* What the task asks *
Locate the line that contains "for z :: complex" in the entries below, then repeat it and every following line through the line that contains "note K = classU1_ident_div_quadratic[OF", exactly, and no others.

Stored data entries
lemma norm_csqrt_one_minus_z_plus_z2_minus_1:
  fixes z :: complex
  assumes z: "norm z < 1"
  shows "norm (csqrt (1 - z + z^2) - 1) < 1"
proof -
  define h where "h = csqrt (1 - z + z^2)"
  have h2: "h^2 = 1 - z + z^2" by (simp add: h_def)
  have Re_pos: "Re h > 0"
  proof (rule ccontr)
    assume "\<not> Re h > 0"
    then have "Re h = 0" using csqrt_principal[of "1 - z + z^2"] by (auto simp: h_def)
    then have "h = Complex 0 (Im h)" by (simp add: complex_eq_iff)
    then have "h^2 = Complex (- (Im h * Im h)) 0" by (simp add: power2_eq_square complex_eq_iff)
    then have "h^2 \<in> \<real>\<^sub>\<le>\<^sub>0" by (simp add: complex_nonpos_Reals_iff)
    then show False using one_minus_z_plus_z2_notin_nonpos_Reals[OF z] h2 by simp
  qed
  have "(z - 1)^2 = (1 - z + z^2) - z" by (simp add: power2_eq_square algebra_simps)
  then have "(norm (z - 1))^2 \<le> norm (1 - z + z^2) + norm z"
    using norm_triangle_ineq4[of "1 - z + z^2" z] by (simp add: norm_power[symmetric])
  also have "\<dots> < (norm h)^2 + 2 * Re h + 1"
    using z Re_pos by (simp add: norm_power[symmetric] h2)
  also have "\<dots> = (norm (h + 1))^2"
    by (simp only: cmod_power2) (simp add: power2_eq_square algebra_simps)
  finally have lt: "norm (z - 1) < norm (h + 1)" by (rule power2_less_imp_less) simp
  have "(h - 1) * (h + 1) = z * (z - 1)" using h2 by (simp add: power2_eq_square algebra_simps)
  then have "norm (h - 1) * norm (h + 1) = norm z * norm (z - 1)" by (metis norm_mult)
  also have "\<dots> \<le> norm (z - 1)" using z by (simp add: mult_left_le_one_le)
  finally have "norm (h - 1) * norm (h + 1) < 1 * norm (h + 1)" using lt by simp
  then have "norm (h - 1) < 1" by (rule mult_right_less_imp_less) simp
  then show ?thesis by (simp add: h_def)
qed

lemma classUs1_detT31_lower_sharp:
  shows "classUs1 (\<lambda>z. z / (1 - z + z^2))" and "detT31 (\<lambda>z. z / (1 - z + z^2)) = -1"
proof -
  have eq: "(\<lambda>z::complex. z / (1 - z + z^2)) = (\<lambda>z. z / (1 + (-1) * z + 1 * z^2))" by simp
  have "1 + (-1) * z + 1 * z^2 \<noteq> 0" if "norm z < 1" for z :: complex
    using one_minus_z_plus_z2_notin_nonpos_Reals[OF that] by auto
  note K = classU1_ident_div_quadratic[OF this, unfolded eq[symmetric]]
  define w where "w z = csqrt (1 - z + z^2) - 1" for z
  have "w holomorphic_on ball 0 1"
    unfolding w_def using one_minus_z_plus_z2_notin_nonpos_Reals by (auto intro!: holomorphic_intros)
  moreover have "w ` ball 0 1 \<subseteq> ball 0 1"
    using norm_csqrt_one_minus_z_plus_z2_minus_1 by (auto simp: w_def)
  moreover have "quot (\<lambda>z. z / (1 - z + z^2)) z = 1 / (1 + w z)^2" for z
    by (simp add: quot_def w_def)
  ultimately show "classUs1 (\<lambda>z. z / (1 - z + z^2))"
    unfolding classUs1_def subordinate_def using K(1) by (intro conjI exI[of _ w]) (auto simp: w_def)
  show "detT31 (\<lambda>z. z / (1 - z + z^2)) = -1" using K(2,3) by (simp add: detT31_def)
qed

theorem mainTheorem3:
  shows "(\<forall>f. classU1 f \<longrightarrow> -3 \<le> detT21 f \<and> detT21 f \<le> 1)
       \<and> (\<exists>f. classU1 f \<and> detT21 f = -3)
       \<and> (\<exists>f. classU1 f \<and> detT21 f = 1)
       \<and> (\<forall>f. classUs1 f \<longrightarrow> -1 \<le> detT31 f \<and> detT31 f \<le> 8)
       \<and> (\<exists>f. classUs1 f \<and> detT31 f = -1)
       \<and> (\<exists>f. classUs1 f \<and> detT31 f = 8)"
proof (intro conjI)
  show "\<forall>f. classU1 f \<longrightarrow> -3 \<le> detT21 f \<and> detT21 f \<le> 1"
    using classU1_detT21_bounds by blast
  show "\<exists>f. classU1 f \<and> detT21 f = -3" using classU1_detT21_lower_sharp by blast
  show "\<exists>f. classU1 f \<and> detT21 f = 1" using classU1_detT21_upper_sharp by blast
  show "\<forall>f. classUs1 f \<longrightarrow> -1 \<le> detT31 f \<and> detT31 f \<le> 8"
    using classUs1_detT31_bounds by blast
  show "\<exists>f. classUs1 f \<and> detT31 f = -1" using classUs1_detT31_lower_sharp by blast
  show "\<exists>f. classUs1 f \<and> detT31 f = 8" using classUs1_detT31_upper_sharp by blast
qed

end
==
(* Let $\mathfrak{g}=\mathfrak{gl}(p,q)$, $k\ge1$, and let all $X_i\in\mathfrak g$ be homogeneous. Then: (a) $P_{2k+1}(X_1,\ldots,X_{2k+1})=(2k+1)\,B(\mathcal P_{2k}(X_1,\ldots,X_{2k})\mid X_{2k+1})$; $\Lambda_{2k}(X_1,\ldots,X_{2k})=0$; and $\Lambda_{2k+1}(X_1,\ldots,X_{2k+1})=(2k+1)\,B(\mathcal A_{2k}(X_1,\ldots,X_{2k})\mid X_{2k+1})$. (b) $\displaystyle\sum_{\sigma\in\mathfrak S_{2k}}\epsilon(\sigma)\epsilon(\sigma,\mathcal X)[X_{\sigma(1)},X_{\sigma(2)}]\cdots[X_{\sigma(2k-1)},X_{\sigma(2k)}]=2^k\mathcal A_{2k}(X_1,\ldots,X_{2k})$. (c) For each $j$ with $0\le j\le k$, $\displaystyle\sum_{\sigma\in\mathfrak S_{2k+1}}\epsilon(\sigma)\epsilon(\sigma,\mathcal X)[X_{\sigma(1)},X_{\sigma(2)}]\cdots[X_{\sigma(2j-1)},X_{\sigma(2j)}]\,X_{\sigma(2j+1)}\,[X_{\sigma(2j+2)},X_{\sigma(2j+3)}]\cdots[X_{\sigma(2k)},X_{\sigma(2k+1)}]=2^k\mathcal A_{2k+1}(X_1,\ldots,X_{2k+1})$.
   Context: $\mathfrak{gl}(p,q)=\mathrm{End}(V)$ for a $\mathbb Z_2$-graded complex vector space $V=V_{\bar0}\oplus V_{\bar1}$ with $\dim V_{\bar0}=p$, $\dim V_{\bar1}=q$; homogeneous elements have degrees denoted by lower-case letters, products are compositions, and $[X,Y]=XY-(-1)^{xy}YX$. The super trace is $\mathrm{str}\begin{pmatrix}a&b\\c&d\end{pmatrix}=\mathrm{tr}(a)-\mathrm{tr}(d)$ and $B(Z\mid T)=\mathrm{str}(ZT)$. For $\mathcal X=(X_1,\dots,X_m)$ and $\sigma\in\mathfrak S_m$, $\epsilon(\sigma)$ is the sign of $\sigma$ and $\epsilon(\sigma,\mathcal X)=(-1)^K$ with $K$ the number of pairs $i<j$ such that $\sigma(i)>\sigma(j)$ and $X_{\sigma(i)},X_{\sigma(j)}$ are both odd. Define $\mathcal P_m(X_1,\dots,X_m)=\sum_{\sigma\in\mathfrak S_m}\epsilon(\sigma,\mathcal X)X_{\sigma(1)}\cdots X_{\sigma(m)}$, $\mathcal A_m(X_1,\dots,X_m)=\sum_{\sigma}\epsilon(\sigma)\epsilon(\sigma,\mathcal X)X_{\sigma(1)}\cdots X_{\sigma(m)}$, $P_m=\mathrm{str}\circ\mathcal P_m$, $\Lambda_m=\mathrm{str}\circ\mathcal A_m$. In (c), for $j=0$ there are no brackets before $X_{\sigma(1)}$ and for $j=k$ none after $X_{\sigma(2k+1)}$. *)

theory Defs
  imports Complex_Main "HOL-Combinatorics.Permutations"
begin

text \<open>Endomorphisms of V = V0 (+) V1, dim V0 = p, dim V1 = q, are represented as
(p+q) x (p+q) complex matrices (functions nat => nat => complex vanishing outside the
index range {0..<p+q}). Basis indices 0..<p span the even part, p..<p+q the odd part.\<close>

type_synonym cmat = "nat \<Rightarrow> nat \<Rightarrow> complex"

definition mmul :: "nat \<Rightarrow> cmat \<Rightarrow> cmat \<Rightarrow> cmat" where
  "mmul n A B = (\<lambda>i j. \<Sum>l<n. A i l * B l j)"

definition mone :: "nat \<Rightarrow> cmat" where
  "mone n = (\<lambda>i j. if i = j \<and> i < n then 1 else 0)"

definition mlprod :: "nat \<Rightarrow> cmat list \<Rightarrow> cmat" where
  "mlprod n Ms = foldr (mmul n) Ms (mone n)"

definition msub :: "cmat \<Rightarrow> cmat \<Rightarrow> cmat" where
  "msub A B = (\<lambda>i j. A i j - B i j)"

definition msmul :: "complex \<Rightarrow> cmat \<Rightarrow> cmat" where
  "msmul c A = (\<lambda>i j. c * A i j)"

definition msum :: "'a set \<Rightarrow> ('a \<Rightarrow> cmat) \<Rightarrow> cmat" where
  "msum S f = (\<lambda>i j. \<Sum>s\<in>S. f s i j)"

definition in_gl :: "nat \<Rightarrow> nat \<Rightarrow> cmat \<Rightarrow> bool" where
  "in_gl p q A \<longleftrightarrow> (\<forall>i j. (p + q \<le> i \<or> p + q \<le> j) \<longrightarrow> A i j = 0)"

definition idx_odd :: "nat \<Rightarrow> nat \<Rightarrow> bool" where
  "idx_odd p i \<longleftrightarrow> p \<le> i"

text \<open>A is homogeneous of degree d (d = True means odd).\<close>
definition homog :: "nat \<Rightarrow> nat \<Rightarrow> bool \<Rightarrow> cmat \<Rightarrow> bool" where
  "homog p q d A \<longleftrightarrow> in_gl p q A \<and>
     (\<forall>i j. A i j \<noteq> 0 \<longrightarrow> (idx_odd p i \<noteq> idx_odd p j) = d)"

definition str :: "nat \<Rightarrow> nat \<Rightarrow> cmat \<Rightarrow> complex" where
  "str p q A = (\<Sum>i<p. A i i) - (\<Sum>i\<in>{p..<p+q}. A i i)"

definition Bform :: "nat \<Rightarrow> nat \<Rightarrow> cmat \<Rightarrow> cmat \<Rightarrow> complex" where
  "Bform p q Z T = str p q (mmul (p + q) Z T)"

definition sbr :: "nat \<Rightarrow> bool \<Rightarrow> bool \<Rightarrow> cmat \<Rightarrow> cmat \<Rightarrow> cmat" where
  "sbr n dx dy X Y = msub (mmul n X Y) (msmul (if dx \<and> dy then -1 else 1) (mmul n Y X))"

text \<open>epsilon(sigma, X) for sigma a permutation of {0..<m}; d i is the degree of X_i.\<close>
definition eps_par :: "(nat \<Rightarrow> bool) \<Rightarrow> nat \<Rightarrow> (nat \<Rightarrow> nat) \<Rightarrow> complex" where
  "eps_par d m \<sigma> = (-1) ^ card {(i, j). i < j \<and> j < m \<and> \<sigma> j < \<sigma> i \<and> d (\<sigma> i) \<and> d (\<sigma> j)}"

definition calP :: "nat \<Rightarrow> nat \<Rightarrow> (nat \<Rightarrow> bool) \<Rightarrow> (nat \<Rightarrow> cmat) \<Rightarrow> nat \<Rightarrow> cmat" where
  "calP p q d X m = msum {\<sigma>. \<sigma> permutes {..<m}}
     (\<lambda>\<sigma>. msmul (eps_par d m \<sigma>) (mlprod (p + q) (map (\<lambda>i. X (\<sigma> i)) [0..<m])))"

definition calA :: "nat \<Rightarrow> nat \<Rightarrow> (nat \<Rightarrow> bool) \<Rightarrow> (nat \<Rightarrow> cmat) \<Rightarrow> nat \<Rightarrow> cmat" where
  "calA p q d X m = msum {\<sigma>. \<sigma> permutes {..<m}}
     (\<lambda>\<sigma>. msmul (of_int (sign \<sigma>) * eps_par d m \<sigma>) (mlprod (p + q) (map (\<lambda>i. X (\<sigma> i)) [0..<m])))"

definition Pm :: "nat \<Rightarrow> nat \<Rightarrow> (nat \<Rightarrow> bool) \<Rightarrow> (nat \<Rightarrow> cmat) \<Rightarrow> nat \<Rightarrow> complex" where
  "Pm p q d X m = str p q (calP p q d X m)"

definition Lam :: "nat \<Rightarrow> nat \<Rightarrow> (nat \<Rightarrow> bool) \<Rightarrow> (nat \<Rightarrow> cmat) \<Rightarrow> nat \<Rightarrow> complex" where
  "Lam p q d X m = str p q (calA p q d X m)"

* Solved exercise *
  have "1 + (-1) * z + 1 * z^2 \<noteq> 0" if "norm z < 1" for z :: complex
    using one_minus_z_plus_z2_notin_nonpos_Reals[OF that] by auto
  note K = classU1_ident_div_quadratic[OF this, unfolded eq[symmetric]]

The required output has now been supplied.